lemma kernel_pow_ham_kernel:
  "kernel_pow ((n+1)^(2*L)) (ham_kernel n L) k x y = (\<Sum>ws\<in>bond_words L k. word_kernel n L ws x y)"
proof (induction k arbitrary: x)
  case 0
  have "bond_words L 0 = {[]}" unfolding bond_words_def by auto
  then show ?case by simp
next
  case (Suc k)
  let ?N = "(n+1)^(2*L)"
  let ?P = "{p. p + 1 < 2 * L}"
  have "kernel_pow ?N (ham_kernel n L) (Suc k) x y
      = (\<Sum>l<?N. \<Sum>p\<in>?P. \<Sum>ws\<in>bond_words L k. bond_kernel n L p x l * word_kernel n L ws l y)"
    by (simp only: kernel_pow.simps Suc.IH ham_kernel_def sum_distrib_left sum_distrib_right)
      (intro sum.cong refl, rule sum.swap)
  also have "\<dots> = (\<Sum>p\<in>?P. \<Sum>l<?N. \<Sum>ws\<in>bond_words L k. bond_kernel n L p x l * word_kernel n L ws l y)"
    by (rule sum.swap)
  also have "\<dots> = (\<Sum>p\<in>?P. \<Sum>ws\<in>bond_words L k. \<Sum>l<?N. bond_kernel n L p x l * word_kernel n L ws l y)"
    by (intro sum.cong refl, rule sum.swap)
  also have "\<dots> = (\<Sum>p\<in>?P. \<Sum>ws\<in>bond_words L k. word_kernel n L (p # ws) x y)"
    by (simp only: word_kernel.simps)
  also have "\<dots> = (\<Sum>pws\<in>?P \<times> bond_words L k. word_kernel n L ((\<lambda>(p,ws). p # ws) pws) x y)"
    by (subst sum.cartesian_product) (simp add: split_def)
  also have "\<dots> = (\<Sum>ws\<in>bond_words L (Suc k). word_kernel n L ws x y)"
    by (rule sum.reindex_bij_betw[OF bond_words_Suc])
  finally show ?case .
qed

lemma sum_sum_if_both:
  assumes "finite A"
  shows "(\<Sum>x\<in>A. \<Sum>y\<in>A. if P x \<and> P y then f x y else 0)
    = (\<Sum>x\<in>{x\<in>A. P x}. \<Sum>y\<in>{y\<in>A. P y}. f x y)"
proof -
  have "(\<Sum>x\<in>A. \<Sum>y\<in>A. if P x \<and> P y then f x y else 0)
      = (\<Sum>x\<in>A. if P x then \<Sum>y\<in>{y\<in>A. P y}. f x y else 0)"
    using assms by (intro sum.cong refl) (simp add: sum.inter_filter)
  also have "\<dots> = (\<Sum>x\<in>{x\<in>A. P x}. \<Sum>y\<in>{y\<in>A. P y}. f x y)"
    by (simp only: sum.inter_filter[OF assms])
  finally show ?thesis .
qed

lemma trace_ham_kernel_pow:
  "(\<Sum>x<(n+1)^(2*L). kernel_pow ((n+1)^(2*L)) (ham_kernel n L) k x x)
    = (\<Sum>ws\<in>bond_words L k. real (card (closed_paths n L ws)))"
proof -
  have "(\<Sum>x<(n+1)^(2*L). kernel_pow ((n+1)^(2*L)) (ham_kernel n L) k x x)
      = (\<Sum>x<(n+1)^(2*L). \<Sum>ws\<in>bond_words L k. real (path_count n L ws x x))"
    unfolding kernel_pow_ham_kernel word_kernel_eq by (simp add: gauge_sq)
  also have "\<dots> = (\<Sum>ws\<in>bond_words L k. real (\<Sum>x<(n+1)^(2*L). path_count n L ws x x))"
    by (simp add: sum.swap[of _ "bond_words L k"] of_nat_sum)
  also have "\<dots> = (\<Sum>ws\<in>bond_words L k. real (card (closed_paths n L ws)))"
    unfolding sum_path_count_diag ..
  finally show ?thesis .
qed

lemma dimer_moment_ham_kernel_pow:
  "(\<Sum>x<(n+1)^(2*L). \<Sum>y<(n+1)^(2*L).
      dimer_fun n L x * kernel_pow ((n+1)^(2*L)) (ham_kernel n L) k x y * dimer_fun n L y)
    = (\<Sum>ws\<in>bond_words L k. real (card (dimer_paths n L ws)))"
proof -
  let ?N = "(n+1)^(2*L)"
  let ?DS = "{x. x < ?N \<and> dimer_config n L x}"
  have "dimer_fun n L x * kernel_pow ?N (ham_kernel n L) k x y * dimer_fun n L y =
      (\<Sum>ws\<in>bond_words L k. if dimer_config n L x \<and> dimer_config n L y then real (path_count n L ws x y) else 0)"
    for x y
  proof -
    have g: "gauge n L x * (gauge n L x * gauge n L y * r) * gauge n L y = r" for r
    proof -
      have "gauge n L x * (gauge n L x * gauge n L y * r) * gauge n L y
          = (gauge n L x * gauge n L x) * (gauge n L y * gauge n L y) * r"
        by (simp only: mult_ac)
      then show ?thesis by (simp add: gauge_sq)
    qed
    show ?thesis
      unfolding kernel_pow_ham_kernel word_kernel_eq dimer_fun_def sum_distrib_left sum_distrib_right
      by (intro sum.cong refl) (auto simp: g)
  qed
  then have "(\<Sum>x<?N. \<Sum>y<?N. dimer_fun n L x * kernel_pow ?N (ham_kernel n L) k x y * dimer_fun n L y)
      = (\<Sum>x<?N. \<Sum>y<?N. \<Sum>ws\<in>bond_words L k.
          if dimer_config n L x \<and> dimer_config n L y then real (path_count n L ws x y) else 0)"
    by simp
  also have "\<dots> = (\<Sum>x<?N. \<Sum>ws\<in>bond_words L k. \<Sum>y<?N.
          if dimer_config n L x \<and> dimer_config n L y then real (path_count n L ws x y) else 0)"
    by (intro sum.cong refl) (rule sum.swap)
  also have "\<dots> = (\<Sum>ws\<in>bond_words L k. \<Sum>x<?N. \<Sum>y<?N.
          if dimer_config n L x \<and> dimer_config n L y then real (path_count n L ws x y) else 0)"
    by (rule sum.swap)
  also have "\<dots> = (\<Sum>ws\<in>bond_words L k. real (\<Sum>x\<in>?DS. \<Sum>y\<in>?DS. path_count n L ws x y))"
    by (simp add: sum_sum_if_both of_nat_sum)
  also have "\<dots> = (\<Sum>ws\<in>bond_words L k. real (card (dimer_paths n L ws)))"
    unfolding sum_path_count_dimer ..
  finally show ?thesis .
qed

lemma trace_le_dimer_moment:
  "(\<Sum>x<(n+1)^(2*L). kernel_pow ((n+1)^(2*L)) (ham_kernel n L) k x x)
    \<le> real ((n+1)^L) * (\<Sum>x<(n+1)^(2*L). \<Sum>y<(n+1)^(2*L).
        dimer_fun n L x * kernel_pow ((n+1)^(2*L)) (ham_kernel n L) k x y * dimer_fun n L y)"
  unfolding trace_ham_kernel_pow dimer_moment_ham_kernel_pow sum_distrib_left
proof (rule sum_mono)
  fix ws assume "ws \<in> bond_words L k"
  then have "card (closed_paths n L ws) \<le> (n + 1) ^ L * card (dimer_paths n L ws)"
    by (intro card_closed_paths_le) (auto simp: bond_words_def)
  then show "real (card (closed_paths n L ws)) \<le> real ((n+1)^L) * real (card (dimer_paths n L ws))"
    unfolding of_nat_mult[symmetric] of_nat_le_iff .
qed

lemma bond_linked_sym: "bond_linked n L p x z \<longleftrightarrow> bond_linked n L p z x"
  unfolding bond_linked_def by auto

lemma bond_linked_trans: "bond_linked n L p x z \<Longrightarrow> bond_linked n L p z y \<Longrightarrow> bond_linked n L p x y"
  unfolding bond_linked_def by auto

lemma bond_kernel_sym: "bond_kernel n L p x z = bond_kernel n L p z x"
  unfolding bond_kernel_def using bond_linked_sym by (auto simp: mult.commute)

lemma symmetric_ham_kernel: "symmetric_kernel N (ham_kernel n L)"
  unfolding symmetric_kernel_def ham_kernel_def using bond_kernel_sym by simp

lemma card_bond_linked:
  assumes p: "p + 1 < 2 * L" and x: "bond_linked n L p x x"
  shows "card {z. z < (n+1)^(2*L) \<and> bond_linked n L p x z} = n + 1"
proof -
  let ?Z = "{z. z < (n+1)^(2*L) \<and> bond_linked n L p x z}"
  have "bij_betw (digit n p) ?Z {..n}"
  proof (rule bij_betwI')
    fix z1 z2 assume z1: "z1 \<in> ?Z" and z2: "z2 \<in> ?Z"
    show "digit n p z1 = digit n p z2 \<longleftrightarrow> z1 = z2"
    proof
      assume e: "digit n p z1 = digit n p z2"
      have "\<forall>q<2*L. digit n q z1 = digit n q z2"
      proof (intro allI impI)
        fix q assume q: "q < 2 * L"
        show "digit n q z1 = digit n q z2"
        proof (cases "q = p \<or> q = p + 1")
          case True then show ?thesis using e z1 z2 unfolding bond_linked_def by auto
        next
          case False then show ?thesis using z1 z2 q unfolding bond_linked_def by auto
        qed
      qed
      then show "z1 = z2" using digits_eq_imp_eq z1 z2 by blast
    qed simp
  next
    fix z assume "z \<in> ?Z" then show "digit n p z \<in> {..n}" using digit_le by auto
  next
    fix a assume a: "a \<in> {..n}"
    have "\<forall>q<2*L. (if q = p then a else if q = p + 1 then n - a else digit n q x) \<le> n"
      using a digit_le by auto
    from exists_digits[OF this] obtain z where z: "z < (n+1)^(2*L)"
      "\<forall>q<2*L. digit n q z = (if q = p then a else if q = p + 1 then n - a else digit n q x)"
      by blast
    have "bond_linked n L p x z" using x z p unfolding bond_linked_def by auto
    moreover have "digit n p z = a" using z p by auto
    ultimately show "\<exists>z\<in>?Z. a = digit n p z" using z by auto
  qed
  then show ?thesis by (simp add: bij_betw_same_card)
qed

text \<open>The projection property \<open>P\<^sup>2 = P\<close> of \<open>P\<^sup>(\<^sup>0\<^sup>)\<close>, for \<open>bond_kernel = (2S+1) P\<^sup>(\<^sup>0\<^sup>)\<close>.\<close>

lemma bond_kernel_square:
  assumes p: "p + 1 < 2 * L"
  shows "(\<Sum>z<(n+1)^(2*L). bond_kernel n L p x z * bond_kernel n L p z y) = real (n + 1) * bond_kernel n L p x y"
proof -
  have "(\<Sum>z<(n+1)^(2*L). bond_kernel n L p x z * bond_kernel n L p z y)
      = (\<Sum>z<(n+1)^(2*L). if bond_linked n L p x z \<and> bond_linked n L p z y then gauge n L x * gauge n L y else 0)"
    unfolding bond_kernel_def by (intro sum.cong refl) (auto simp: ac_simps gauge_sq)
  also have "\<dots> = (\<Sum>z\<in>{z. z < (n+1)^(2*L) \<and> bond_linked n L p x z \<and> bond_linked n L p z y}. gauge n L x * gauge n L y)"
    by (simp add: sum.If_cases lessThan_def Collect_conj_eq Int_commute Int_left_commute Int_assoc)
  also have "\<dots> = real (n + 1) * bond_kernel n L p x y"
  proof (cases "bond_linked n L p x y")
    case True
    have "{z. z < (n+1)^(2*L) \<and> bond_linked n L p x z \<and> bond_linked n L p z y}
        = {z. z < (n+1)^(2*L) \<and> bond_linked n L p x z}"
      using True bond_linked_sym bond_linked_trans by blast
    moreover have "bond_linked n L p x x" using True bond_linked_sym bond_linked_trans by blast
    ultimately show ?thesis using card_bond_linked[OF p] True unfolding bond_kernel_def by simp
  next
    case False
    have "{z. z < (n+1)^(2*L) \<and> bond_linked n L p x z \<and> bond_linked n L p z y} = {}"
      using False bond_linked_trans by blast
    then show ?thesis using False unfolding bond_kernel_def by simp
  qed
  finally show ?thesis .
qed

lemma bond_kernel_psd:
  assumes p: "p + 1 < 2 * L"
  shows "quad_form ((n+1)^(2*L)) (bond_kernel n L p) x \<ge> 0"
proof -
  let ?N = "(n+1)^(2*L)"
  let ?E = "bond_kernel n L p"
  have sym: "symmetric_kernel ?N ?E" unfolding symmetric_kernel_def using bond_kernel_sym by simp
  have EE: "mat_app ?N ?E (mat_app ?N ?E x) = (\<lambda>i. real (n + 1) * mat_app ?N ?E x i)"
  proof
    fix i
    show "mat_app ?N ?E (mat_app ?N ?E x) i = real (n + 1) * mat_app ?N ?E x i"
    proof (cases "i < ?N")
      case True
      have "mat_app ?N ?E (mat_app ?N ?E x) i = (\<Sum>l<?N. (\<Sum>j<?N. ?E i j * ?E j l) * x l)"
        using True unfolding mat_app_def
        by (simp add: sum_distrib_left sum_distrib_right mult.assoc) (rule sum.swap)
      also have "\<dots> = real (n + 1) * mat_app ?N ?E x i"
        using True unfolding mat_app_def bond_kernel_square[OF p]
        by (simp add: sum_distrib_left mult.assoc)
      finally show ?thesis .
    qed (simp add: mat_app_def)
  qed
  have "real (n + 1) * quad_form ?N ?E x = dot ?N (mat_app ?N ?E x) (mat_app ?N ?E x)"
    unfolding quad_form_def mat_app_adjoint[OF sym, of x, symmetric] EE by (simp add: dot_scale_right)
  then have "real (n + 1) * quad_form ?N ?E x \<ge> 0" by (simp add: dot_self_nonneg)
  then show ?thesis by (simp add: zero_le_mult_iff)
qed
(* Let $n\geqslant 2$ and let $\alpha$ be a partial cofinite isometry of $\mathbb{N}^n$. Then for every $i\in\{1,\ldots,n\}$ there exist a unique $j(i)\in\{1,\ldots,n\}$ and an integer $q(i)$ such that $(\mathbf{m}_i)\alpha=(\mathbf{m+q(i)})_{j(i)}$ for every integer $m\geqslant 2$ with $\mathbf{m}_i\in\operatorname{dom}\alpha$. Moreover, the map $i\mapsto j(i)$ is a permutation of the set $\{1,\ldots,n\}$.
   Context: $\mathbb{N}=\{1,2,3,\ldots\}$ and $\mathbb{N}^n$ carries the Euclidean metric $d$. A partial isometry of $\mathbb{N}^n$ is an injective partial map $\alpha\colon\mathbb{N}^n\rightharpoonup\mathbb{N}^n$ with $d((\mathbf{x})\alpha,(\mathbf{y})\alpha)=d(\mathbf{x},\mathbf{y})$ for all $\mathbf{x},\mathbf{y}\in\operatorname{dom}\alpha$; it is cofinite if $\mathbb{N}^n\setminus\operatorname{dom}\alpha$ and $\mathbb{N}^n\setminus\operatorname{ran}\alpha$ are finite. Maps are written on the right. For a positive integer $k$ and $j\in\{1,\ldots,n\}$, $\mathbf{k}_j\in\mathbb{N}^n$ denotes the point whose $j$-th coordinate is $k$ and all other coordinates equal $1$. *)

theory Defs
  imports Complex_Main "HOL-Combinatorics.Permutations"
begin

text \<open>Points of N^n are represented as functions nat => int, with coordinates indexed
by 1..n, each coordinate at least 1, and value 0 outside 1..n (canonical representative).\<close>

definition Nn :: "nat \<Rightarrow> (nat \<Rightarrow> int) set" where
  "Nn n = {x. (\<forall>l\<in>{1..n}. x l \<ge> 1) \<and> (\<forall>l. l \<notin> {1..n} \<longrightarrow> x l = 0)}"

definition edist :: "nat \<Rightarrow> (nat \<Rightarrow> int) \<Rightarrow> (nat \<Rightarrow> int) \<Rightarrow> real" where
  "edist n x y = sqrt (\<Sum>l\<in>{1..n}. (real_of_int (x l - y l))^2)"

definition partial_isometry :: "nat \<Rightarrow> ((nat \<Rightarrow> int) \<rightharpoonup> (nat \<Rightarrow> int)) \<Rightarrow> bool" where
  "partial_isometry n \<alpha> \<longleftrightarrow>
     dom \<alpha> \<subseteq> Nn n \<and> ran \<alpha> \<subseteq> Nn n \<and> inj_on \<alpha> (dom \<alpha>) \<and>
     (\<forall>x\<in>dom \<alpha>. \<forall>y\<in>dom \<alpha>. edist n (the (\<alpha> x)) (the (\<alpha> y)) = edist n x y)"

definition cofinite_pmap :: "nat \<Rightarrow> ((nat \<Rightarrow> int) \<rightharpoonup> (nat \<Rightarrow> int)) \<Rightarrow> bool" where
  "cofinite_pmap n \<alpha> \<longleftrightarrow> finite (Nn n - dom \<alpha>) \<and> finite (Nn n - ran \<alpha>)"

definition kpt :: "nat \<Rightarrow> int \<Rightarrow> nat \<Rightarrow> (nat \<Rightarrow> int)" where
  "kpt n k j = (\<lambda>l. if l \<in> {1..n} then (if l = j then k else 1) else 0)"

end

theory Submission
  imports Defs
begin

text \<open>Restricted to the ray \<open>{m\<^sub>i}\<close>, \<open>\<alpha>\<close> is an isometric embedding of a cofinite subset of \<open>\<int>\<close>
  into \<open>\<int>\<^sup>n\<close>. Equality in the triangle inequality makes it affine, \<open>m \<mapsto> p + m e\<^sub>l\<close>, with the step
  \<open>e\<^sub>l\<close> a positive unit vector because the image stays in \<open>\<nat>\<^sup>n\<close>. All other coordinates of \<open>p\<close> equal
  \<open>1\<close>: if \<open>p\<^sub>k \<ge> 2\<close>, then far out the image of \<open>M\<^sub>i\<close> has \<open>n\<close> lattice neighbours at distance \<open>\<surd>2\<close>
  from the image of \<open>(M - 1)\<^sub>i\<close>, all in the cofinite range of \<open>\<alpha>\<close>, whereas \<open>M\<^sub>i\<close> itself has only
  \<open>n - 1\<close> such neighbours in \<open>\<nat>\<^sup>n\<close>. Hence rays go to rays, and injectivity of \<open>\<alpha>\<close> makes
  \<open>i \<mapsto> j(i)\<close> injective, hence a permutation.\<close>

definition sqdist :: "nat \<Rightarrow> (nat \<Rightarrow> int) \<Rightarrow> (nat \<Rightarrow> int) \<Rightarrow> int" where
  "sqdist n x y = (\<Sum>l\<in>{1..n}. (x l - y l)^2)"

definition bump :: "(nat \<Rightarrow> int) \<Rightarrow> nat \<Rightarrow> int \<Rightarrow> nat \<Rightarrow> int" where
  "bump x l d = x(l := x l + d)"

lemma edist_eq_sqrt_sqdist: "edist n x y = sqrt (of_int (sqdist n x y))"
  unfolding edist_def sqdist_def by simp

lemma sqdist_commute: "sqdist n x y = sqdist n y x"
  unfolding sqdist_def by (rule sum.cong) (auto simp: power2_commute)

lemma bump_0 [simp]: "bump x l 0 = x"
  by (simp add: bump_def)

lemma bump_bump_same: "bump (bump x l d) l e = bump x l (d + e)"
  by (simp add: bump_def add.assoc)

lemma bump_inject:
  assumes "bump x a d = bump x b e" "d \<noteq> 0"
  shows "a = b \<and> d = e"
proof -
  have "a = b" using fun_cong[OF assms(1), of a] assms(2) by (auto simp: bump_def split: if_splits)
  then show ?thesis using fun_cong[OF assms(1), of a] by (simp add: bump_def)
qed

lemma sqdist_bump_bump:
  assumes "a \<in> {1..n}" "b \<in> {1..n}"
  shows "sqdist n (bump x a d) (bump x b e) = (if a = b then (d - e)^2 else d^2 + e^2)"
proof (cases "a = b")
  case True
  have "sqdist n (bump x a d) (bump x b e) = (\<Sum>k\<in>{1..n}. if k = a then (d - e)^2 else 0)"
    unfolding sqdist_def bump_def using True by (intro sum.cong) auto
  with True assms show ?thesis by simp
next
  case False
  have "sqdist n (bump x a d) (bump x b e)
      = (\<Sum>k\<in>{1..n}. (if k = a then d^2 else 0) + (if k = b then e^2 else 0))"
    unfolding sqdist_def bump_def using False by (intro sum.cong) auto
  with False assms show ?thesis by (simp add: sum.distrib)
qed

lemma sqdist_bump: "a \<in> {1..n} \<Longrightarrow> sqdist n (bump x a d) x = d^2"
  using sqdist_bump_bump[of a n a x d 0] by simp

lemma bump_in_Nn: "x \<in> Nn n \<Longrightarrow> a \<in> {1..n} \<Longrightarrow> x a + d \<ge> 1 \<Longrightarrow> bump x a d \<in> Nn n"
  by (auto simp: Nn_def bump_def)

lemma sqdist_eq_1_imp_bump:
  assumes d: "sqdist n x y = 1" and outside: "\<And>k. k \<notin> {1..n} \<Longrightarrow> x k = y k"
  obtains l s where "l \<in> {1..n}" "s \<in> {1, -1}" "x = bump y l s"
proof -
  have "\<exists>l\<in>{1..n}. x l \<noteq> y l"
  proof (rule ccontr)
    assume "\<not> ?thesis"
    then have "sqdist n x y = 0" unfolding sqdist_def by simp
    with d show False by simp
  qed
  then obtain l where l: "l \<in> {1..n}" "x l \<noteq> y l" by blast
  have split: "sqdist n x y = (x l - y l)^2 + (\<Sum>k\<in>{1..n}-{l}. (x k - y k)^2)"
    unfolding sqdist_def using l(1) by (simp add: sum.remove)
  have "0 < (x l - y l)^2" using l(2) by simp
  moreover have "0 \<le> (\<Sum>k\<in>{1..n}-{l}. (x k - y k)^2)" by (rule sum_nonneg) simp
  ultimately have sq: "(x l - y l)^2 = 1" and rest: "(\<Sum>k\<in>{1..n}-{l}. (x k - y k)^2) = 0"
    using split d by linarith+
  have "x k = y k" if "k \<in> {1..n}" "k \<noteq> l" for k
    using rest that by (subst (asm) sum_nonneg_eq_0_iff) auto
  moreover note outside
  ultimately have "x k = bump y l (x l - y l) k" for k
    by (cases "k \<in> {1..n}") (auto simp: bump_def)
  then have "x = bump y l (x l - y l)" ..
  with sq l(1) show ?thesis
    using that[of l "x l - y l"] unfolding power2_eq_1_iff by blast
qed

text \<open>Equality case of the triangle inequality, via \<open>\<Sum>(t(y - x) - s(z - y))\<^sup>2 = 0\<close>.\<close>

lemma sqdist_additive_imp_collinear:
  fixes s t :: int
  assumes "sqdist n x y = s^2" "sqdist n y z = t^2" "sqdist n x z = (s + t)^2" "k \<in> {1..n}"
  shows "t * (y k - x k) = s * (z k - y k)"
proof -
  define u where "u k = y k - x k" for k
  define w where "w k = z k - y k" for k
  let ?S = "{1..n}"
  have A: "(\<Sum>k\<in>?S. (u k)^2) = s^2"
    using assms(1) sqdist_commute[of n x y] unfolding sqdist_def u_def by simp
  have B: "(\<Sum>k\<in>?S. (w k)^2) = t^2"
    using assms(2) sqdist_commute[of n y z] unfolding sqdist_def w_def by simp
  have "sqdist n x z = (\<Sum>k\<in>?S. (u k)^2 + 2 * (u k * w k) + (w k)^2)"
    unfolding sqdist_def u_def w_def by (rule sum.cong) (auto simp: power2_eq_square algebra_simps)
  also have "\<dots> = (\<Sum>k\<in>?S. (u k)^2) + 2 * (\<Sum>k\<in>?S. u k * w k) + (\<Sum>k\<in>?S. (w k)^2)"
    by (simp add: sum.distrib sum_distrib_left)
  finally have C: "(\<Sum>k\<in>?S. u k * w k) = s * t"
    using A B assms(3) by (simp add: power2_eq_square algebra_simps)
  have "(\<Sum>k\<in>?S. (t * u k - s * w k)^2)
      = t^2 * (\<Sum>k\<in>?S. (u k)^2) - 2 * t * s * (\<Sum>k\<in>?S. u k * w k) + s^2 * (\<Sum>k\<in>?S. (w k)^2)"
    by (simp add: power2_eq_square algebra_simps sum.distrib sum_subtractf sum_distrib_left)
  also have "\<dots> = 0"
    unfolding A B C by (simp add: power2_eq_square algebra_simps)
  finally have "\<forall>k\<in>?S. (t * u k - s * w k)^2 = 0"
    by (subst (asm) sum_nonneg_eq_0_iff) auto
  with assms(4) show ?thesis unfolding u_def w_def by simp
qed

______________________________

#### [What you are asked to do]
Of all the entries above, retype exactly the lines from the line with "using sqdist_bump_bump[of a" to the line with "with sq l(1) show ?thesis", both included, and no others.

#### [Task result]
  using sqdist_bump_bump[of a n a x d 0] by simp

lemma bump_in_Nn: "x \<in> Nn n \<Longrightarrow> a \<in> {1..n} \<Longrightarrow> x a + d \<ge> 1 \<Longrightarrow> bump x a d \<in> Nn n"
  by (auto simp: Nn_def bump_def)

lemma sqdist_eq_1_imp_bump:
  assumes d: "sqdist n x y = 1" and outside: "\<And>k. k \<notin> {1..n} \<Longrightarrow> x k = y k"
  obtains l s where "l \<in> {1..n}" "s \<in> {1, -1}" "x = bump y l s"
proof -
  have "\<exists>l\<in>{1..n}. x l \<noteq> y l"
  proof (rule ccontr)
    assume "\<not> ?thesis"
    then have "sqdist n x y = 0" unfolding sqdist_def by simp
    with d show False by simp
  qed
  then obtain l where l: "l \<in> {1..n}" "x l \<noteq> y l" by blast
  have split: "sqdist n x y = (x l - y l)^2 + (\<Sum>k\<in>{1..n}-{l}. (x k - y k)^2)"
    unfolding sqdist_def using l(1) by (simp add: sum.remove)
  have "0 < (x l - y l)^2" using l(2) by simp
  moreover have "0 \<le> (\<Sum>k\<in>{1..n}-{l}. (x k - y k)^2)" by (rule sum_nonneg) simp
  ultimately have sq: "(x l - y l)^2 = 1" and rest: "(\<Sum>k\<in>{1..n}-{l}. (x k - y k)^2) = 0"
    using split d by linarith+
  have "x k = y k" if "k \<in> {1..n}" "k \<noteq> l" for k
    using rest that by (subst (asm) sum_nonneg_eq_0_iff) auto
  moreover note outside
  ultimately have "x k = bump y l (x l - y l) k" for k
    by (cases "k \<in> {1..n}") (auto simp: bump_def)
  then have "x = bump y l (x l - y l)" ..
  with sq l(1) show ?thesis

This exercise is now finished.